Search the records below for "removable" and copy every line it turns up in.

RECORD SET Start Marker

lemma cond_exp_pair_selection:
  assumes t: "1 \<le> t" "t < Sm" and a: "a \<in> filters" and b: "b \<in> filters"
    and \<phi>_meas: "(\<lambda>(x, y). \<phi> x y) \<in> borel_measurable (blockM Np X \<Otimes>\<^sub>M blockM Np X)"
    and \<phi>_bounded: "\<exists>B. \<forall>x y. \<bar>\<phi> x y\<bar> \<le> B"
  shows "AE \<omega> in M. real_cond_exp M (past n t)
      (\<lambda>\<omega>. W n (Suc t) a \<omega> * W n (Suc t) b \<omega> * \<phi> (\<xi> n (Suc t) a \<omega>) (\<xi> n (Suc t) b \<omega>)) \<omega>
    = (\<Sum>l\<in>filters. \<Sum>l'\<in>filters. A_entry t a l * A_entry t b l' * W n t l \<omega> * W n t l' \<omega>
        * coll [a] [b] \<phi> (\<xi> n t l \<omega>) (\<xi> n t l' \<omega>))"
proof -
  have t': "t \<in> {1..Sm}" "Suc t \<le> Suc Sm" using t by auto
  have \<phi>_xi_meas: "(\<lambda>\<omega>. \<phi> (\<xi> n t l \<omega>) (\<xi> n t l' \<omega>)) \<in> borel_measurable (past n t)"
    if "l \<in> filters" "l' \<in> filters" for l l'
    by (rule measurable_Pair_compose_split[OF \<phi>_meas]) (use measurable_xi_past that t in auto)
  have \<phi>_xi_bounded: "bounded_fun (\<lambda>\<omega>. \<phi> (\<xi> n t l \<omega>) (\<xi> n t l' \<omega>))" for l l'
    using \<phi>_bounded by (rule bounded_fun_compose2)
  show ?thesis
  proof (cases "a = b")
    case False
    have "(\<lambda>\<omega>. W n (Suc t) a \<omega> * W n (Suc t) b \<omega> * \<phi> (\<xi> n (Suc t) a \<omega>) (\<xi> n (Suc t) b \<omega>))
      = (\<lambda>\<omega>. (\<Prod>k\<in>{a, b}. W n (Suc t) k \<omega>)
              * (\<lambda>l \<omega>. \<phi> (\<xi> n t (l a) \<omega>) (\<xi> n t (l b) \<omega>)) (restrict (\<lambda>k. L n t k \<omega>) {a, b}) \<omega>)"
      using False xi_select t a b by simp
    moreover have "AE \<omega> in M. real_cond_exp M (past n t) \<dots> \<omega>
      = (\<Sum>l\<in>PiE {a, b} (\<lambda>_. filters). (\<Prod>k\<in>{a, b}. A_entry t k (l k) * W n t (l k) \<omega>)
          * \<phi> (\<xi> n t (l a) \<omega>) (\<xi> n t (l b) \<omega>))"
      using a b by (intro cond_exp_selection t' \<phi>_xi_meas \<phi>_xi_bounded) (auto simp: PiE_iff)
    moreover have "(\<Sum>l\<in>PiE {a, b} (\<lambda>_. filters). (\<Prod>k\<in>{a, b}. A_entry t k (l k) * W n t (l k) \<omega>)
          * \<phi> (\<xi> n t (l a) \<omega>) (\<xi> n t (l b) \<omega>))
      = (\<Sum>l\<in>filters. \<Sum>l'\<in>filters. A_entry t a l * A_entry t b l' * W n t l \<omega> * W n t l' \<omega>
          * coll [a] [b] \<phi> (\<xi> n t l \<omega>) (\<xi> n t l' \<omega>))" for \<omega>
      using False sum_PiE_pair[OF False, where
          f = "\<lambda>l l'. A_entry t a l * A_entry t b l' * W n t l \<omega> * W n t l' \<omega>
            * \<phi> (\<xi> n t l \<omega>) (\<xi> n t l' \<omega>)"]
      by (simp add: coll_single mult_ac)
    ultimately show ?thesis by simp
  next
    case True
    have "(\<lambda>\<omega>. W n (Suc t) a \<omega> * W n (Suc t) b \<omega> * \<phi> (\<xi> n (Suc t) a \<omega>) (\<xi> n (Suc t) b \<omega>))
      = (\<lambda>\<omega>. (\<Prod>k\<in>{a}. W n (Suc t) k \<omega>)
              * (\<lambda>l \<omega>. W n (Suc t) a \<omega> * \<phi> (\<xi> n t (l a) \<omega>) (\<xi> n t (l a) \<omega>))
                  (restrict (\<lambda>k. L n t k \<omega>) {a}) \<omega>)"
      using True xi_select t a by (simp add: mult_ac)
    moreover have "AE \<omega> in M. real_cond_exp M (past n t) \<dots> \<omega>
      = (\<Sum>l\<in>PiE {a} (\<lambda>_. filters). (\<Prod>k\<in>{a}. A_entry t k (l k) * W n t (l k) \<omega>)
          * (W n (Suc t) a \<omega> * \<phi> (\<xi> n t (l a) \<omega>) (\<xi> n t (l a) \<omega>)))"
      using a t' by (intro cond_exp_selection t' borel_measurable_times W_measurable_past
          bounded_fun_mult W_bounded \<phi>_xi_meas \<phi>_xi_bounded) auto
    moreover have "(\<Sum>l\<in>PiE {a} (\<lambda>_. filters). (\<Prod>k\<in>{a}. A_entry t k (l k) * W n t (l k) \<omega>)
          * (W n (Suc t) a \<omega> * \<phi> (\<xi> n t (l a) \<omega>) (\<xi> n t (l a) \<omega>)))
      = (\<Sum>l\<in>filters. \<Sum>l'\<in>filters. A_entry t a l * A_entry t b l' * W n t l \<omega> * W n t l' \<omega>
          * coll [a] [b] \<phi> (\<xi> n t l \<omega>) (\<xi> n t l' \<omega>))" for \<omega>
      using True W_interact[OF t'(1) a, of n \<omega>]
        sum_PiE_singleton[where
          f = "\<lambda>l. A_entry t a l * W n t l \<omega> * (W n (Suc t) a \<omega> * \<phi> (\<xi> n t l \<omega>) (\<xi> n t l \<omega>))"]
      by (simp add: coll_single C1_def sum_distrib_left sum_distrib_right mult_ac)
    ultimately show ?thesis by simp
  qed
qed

RECORD SET End Marker
RECORD SET Start Marker

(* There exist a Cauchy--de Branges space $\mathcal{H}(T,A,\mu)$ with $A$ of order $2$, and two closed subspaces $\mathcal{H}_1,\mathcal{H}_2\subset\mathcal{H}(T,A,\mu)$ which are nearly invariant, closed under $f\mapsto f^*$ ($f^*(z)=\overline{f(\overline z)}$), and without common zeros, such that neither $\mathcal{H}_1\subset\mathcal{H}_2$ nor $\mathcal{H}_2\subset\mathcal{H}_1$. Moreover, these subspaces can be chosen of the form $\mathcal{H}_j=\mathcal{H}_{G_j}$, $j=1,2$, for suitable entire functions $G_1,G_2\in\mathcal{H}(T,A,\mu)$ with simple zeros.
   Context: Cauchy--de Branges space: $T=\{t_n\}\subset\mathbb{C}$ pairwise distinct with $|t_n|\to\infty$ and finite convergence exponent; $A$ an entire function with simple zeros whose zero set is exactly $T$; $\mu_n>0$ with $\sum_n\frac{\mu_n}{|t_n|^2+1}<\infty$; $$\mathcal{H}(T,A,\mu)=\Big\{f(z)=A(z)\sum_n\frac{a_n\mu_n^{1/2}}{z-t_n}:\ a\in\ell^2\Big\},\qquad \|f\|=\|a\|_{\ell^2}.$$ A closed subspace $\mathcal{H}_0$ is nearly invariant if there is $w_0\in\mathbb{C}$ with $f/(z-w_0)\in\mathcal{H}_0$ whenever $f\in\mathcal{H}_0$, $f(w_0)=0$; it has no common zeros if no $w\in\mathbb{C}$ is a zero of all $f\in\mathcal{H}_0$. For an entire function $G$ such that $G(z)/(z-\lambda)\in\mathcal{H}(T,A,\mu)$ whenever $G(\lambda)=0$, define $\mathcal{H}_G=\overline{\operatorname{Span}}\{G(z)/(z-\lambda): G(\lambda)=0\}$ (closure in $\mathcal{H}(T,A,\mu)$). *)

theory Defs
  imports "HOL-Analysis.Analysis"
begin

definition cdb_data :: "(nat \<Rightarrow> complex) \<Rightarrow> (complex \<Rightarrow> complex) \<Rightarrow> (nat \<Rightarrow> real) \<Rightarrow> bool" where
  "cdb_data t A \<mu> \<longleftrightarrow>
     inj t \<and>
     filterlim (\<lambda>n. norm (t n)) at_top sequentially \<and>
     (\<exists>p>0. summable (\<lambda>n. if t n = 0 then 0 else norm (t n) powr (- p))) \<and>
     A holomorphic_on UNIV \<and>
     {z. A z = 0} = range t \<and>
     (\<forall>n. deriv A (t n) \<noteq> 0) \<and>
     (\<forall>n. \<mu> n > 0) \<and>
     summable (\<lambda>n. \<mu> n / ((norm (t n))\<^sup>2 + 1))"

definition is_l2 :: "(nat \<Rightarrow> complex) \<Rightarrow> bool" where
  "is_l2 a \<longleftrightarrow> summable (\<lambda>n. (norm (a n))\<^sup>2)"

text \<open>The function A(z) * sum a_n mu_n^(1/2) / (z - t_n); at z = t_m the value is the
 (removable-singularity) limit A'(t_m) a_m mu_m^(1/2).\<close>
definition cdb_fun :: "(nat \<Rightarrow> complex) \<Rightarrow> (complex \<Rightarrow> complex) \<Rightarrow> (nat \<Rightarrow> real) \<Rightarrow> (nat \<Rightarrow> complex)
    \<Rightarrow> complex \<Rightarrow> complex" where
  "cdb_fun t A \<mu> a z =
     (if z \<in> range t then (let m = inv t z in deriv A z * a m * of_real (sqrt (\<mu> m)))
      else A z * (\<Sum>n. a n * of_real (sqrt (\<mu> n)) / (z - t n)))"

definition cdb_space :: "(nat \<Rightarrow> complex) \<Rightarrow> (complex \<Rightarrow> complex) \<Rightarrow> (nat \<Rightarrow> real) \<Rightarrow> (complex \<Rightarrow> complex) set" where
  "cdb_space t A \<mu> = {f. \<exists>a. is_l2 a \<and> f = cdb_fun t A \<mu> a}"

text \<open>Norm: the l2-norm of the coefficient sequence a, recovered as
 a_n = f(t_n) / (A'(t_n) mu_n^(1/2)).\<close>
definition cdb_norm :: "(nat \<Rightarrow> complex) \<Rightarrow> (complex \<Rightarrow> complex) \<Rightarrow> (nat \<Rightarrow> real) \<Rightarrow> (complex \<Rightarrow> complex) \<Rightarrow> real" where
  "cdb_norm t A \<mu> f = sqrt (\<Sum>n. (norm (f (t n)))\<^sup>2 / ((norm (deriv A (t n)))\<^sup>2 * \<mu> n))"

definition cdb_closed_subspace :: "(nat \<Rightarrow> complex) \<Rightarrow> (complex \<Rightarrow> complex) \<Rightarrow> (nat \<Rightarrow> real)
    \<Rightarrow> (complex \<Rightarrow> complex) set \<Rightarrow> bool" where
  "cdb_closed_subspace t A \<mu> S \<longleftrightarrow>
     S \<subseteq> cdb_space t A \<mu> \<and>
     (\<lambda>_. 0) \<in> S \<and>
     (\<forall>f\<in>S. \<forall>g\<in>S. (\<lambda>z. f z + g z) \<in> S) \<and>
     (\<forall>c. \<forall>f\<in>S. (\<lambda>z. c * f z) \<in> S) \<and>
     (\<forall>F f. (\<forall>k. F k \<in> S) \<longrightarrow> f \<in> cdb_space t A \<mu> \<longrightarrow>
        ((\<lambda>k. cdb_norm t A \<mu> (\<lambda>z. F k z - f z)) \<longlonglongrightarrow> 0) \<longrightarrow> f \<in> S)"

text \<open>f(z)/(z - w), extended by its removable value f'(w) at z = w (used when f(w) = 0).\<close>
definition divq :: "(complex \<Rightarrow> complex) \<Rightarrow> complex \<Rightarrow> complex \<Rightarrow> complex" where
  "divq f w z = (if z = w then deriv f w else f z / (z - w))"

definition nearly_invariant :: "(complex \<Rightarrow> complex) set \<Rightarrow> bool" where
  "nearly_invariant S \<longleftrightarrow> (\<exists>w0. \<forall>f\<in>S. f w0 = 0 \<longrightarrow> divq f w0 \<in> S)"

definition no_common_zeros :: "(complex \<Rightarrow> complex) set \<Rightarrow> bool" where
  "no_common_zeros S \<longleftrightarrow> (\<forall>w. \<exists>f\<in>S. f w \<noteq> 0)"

RECORD SET End Marker
RECORD SET Start Marker

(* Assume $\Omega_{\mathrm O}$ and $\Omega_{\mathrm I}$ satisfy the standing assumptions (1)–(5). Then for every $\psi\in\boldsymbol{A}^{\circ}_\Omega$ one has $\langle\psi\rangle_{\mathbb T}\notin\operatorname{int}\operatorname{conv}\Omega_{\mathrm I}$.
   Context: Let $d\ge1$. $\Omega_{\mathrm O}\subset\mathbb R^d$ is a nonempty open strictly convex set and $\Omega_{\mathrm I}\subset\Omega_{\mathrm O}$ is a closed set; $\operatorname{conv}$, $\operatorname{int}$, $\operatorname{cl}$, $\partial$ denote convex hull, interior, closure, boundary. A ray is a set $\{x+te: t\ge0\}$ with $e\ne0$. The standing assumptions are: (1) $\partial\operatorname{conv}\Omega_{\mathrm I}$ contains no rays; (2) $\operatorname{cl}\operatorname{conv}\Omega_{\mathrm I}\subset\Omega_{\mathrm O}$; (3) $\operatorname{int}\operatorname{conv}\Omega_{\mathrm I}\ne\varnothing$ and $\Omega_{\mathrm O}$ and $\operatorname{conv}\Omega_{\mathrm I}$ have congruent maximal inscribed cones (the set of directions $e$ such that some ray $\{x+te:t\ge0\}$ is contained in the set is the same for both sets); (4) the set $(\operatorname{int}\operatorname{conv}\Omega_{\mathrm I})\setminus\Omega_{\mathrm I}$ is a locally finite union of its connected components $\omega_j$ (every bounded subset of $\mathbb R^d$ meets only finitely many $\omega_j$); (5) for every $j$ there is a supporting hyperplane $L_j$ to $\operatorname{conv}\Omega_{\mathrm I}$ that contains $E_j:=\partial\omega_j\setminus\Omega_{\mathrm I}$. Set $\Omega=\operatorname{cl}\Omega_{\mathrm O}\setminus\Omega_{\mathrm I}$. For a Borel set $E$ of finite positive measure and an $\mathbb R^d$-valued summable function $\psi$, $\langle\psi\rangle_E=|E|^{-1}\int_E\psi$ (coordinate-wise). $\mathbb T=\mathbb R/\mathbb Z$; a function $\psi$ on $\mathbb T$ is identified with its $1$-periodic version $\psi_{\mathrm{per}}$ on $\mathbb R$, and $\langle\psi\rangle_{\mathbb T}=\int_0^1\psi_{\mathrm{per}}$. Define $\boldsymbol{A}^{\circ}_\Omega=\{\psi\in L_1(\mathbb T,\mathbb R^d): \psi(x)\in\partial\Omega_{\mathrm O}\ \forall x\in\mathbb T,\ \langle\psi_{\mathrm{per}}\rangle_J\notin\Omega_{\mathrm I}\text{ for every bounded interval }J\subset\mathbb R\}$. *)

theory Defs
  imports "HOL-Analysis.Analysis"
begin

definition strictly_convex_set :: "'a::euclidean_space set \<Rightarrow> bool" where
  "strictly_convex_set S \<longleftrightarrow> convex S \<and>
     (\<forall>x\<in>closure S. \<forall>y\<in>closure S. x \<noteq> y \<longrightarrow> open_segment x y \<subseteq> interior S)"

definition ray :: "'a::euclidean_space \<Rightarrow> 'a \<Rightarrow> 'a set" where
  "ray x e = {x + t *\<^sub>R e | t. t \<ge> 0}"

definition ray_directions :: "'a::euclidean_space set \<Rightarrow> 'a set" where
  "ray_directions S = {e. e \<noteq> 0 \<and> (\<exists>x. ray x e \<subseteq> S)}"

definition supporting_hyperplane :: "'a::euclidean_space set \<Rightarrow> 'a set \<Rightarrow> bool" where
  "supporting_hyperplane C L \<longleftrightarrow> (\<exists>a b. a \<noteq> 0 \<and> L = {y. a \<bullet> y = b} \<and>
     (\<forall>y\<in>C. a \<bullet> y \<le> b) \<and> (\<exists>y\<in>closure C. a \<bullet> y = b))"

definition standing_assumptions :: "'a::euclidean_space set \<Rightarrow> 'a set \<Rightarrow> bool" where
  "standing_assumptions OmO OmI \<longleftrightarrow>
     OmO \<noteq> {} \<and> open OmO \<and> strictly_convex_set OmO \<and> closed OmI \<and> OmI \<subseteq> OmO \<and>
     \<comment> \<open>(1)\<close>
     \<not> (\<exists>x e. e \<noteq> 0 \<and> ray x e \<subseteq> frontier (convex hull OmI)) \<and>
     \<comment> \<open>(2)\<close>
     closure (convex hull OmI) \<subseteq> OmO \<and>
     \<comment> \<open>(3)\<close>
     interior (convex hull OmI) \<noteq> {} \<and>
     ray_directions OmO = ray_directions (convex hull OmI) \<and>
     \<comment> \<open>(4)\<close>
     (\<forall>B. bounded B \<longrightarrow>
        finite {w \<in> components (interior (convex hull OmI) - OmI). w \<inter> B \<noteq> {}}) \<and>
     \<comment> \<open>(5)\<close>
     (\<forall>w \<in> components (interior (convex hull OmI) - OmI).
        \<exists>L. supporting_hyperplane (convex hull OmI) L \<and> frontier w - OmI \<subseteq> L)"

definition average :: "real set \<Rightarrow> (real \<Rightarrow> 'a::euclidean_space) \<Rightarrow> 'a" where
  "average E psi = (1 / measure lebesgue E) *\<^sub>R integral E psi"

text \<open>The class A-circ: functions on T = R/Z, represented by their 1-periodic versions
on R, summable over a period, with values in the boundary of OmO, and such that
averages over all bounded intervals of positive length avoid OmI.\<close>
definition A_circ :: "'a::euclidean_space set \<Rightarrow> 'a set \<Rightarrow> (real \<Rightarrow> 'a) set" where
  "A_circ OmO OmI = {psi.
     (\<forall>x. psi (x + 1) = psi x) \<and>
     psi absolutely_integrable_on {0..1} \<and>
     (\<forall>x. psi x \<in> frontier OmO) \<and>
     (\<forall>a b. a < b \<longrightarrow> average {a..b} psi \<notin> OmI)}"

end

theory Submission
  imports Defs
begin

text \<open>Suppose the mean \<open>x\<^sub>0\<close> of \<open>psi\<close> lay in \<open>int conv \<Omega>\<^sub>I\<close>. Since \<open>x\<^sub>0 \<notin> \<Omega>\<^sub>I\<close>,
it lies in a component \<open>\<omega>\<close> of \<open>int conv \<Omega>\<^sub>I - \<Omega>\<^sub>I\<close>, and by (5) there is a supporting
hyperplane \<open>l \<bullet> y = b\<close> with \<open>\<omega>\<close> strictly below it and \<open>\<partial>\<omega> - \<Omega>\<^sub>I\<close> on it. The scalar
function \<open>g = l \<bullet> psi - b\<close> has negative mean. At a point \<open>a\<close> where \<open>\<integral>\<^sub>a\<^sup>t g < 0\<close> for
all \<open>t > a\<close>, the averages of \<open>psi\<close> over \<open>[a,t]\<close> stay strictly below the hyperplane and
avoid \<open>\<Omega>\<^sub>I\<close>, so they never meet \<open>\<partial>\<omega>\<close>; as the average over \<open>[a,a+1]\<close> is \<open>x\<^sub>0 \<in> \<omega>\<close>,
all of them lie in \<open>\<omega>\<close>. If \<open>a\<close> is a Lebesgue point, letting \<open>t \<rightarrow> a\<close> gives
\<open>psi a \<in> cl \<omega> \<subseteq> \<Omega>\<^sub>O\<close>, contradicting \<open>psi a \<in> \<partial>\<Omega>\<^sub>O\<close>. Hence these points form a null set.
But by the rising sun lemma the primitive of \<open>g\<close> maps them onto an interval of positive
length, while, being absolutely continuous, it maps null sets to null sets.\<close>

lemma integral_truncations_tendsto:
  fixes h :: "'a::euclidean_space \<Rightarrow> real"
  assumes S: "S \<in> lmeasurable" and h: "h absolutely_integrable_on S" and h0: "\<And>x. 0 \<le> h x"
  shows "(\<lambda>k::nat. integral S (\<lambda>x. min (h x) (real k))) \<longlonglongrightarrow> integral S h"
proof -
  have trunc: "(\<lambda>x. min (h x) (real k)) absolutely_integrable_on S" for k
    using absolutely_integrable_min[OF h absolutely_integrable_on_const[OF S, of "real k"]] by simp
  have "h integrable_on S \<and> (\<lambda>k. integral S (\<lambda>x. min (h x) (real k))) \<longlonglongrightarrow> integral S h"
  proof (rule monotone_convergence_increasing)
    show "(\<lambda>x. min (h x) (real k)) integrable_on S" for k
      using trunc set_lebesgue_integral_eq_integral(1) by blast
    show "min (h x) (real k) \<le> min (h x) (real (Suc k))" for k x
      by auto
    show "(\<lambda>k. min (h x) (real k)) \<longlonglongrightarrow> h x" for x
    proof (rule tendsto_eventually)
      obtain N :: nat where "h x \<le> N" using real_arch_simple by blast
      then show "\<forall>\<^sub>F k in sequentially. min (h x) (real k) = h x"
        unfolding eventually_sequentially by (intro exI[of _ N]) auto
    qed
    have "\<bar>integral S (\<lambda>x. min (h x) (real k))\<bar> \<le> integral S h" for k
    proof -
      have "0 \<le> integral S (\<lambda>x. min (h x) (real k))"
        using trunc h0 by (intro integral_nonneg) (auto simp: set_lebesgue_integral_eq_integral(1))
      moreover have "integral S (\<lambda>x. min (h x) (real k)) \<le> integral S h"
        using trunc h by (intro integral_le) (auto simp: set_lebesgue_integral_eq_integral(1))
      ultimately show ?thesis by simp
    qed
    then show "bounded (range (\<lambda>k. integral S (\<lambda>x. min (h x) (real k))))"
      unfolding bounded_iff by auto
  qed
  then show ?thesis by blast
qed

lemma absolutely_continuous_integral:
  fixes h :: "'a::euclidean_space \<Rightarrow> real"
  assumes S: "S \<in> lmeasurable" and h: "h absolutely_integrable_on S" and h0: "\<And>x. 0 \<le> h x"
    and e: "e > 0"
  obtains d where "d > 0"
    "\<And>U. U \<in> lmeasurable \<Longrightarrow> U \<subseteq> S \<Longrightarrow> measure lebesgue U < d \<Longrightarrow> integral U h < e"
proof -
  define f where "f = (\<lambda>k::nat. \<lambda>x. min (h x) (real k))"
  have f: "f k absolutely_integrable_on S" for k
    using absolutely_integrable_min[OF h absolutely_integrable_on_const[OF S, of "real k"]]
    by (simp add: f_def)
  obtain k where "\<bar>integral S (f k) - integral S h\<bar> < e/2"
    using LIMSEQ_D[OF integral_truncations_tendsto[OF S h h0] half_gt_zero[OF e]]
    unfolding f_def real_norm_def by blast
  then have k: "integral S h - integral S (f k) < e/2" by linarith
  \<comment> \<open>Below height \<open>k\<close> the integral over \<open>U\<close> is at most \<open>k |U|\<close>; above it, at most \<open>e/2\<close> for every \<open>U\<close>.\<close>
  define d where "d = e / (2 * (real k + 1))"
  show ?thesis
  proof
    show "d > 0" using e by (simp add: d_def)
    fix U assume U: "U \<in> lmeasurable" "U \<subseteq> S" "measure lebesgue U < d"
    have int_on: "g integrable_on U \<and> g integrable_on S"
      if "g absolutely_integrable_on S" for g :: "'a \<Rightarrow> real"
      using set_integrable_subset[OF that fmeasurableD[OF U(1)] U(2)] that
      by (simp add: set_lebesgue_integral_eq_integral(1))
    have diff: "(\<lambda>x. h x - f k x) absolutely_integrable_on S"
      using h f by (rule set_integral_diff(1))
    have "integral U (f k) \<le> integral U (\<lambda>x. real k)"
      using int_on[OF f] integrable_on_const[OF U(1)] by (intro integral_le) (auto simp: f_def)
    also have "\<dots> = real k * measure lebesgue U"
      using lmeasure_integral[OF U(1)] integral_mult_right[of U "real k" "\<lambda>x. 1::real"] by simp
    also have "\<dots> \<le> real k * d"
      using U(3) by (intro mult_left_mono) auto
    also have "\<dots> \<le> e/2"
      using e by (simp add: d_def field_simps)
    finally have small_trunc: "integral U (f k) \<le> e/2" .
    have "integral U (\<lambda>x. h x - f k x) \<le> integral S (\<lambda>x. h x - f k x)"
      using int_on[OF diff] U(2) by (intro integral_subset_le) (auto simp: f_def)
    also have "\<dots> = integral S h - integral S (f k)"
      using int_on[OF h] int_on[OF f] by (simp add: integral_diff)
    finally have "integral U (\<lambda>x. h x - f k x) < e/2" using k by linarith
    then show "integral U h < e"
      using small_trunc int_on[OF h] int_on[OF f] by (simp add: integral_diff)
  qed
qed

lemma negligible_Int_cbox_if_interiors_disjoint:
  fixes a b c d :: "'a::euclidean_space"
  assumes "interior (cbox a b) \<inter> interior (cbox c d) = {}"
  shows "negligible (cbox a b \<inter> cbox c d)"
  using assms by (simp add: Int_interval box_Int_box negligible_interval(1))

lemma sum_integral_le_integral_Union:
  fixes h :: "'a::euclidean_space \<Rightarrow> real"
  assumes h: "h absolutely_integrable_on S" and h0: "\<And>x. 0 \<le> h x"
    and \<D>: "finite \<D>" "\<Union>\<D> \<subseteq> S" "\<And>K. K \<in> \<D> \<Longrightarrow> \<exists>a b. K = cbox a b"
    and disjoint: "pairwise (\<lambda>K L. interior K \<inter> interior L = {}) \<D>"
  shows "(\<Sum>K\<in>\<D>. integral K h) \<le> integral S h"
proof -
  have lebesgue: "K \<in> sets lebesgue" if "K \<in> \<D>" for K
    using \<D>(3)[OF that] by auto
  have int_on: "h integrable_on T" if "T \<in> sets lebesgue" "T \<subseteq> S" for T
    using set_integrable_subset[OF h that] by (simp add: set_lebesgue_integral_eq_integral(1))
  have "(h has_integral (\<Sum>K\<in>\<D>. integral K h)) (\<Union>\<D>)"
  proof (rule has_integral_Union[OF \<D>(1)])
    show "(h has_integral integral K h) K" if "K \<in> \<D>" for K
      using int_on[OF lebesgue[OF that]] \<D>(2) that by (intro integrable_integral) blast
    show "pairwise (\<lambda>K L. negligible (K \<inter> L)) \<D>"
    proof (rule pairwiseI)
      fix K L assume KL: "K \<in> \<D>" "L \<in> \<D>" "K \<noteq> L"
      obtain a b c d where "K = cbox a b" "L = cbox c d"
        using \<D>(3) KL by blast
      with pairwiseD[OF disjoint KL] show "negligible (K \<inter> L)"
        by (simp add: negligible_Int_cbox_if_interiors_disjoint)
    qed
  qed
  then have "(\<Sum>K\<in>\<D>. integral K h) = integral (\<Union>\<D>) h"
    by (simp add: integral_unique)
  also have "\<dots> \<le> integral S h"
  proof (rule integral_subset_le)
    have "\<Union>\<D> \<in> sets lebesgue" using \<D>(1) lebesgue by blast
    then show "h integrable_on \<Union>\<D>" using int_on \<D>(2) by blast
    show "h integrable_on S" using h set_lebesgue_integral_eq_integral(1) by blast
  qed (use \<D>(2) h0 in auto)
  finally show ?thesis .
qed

RECORD SET End Marker

◆ FINAL ANSWER ◆
 (removable-singularity) limit A'(t_m) a_m mu_m^(1/2).\<close>
text \<open>f(z)/(z - w), extended by its removable value f'(w) at z = w (used when f(w) = 0).\<close>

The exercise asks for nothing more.